▶ **What is required**:
If a line in the listing below contains "with", return that line.

▶ **Data listing**:
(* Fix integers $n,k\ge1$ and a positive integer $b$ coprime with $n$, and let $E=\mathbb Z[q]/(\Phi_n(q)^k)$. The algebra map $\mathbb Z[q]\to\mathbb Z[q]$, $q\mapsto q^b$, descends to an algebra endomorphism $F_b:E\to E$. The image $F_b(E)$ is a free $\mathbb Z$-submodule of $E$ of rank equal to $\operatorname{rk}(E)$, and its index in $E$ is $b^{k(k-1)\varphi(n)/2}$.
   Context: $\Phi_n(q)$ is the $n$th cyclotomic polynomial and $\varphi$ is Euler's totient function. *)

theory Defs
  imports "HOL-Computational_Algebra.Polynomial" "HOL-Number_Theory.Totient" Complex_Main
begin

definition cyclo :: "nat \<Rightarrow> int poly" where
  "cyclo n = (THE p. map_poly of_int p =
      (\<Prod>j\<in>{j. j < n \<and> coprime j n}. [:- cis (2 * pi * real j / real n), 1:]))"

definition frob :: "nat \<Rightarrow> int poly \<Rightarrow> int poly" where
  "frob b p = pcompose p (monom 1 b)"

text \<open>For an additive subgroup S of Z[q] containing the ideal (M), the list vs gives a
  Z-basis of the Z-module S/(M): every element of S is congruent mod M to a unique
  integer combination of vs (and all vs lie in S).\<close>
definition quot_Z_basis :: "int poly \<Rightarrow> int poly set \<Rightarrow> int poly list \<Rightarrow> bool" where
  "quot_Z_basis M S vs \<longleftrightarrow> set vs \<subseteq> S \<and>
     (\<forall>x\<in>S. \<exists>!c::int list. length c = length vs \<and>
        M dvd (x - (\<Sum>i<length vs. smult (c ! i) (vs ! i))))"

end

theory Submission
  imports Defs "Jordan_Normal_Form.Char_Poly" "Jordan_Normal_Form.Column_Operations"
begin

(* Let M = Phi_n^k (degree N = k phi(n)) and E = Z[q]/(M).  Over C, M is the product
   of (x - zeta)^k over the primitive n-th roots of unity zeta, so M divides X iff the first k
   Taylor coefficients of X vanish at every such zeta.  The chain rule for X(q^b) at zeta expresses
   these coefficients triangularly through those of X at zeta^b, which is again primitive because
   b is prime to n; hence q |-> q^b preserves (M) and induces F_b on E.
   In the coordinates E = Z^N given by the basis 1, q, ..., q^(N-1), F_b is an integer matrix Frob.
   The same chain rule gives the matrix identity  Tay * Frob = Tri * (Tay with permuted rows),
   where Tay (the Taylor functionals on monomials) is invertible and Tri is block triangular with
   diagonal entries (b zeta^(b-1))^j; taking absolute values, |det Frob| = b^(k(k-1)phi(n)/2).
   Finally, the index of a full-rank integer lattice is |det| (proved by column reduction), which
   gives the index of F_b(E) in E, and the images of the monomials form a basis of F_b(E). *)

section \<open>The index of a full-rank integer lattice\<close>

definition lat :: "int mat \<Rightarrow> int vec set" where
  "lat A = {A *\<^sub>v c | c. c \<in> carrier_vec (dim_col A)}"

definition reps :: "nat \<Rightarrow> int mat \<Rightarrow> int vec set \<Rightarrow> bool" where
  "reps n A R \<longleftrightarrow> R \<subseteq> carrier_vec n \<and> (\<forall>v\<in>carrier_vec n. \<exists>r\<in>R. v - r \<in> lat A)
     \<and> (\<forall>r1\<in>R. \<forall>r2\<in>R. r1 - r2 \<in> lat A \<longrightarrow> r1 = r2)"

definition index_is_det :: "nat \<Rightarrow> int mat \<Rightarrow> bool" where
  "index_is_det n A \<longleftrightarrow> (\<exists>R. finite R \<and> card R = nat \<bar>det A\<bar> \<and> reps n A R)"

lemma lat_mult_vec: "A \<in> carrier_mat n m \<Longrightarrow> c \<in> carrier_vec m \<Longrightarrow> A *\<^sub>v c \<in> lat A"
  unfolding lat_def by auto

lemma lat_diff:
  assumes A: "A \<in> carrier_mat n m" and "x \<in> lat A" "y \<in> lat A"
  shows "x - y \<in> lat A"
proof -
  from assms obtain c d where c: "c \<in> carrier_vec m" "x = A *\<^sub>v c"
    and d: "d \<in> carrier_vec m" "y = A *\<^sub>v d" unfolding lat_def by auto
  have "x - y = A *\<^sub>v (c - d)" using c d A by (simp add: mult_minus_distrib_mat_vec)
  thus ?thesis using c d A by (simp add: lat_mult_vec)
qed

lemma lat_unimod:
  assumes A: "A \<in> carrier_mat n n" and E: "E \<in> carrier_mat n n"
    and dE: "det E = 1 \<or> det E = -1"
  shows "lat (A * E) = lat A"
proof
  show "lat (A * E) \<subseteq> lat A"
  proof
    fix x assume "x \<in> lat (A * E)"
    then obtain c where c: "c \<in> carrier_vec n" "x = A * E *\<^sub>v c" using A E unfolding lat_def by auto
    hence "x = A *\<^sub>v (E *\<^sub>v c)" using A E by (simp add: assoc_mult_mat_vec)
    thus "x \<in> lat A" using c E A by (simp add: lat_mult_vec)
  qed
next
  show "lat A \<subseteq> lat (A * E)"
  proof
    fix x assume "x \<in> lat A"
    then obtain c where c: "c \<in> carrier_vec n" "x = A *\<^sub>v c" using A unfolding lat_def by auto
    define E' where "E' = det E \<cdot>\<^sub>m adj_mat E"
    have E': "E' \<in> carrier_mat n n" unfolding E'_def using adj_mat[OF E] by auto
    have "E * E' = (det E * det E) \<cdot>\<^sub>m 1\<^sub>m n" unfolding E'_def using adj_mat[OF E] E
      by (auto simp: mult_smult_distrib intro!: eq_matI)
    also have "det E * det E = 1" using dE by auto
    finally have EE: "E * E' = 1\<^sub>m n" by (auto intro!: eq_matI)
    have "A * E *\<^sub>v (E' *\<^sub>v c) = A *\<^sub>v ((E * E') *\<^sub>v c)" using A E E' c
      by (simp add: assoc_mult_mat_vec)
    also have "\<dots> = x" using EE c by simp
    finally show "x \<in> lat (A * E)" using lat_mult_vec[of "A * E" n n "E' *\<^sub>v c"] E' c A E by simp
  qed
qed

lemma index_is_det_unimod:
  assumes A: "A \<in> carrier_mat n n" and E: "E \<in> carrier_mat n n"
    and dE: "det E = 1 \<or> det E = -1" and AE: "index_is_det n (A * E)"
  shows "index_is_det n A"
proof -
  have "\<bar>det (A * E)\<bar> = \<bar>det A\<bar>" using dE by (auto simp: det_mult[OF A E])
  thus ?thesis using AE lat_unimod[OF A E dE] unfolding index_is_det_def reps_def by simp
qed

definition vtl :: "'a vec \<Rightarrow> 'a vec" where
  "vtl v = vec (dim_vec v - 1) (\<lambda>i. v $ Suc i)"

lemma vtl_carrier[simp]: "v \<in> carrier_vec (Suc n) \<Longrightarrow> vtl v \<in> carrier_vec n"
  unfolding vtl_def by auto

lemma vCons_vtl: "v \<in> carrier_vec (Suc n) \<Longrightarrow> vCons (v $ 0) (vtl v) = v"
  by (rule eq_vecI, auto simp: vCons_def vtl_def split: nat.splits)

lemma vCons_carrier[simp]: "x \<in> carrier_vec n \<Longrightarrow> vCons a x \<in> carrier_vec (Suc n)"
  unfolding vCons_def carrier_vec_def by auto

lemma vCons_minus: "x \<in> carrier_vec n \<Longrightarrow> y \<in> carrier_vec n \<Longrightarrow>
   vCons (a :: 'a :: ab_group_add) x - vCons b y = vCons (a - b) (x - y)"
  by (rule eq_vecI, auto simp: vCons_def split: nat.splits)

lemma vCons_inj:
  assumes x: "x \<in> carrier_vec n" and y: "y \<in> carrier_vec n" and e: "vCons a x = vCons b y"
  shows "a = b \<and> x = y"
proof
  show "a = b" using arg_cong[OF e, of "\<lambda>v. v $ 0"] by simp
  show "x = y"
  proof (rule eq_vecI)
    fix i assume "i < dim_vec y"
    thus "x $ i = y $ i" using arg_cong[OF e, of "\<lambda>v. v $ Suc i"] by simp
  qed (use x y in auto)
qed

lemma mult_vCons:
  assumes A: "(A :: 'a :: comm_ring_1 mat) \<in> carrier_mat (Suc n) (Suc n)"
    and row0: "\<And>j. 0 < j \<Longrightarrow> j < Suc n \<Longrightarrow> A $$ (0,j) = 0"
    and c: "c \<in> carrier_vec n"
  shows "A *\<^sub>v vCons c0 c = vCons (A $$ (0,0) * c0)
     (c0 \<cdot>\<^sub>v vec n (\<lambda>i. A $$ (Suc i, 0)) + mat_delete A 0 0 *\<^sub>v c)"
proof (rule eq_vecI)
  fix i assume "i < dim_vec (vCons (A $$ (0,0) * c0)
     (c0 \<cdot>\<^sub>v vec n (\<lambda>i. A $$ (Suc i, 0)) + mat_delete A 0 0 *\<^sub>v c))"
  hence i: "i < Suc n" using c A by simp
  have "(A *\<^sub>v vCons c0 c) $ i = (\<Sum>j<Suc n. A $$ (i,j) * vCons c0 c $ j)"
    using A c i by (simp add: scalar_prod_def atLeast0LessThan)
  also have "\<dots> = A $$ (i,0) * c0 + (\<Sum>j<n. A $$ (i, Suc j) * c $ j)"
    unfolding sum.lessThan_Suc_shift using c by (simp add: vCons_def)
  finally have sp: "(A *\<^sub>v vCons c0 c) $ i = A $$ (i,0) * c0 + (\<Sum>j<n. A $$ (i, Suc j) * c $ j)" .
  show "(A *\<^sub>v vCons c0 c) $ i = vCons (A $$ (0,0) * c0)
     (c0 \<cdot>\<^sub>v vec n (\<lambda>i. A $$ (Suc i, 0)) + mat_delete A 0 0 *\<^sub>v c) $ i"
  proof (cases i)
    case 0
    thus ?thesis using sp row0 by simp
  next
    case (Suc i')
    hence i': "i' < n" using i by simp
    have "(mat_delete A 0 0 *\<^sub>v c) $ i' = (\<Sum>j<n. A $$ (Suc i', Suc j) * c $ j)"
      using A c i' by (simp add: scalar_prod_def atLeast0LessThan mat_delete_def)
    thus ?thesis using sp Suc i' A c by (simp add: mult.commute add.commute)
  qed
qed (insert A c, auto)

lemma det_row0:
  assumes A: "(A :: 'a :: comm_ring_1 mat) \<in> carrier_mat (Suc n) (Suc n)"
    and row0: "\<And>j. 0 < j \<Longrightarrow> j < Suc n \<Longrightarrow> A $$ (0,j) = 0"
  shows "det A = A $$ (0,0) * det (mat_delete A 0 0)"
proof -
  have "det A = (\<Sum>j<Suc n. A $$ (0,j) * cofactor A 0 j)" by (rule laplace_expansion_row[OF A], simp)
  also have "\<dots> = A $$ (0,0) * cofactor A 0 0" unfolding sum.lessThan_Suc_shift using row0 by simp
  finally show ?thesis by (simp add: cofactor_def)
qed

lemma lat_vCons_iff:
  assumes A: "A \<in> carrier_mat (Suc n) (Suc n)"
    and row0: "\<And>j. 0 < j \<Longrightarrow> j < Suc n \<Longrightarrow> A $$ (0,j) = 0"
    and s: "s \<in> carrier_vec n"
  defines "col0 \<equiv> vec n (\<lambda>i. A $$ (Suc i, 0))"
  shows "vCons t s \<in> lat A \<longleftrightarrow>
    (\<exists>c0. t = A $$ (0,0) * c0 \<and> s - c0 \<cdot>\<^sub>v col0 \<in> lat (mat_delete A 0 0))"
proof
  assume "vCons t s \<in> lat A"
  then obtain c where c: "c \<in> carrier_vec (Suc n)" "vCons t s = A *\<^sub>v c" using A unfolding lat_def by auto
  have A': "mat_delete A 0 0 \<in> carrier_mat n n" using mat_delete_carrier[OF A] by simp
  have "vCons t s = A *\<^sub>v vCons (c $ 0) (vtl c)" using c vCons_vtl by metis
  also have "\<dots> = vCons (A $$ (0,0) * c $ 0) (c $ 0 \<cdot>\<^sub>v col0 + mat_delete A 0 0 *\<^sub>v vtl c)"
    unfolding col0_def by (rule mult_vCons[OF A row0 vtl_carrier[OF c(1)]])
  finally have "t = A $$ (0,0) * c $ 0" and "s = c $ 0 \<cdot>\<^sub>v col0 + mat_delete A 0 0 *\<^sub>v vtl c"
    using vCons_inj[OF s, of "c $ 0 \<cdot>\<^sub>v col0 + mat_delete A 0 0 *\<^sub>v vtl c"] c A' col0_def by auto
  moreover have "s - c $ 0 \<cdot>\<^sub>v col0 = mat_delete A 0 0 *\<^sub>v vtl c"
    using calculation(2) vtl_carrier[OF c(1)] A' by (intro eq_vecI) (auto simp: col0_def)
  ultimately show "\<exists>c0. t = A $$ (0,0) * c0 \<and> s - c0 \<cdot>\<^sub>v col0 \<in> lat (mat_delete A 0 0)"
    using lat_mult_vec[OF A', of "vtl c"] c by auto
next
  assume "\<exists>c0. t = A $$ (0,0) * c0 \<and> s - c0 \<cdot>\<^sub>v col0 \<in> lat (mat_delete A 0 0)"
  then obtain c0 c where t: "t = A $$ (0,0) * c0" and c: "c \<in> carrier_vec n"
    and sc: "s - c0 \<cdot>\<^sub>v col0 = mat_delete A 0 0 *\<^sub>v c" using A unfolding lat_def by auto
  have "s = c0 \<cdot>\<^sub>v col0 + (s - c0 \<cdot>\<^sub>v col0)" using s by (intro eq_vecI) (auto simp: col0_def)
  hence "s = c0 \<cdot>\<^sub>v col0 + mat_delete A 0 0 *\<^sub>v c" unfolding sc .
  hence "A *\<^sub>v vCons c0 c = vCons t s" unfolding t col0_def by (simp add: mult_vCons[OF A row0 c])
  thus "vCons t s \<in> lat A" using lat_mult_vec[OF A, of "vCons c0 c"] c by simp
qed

==

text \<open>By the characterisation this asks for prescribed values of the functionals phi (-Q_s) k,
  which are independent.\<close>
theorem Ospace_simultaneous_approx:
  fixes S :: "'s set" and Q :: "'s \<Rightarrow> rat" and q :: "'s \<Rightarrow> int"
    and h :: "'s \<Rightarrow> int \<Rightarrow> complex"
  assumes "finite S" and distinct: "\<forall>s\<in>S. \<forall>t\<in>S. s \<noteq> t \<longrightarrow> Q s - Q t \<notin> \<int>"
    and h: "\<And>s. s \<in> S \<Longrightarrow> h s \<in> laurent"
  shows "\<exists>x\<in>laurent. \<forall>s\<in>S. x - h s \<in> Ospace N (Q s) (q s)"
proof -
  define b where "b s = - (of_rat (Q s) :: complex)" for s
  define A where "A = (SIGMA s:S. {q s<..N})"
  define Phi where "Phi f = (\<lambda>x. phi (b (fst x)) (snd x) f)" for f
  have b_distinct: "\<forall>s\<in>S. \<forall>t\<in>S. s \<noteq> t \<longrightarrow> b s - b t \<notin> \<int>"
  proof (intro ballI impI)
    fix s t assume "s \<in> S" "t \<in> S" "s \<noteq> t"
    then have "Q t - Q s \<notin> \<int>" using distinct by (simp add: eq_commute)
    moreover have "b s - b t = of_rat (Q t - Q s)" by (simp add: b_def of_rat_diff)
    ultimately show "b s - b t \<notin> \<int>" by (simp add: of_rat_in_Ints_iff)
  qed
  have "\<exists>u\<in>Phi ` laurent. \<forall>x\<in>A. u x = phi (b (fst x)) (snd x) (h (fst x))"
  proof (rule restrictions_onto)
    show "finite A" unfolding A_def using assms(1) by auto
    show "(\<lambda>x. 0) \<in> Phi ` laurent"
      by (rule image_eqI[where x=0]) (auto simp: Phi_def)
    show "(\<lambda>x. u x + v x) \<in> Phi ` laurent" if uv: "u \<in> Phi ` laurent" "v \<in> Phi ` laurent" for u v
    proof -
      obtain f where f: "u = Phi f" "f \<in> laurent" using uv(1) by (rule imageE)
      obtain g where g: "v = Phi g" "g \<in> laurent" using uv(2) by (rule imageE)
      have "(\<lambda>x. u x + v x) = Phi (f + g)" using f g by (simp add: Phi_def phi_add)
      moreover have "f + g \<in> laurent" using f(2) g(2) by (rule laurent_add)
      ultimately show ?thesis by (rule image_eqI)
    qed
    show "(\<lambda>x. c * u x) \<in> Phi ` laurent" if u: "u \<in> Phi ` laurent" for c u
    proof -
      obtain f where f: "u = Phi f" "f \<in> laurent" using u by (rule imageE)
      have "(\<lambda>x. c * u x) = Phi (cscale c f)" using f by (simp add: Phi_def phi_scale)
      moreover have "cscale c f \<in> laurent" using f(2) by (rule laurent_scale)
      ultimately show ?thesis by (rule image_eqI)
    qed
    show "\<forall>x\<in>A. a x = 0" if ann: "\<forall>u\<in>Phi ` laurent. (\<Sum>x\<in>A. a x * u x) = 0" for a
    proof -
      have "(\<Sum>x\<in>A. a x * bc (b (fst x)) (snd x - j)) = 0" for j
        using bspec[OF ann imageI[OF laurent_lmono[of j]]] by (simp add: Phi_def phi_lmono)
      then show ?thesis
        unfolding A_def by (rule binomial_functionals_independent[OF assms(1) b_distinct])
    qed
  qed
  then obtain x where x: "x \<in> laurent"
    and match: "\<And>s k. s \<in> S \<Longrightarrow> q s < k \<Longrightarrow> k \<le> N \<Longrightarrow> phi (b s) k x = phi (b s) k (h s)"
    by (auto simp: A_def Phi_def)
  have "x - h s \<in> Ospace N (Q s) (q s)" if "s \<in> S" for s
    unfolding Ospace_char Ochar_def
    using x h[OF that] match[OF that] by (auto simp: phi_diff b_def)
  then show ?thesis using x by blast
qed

▶ **Response area**:
(* Fix integers $n,k\ge1$ and a positive integer $b$ coprime with $n$, and let $E=\mathbb Z[q]/(\Phi_n(q)^k)$. The algebra map $\mathbb Z[q]\to\mathbb Z[q]$, $q\mapsto q^b$, descends to an algebra endomorphism $F_b:E\to E$. The image $F_b(E)$ is a free $\mathbb Z$-submodule of $E$ of rank equal to $\operatorname{rk}(E)$, and its index in $E$ is $b^{k(k-1)\varphi(n)/2}$.
   The same chain rule gives the matrix identity  Tay * Frob = Tri * (Tay with permuted rows),
   where Tay (the Taylor functionals on monomials) is invertible and Tri is block triangular with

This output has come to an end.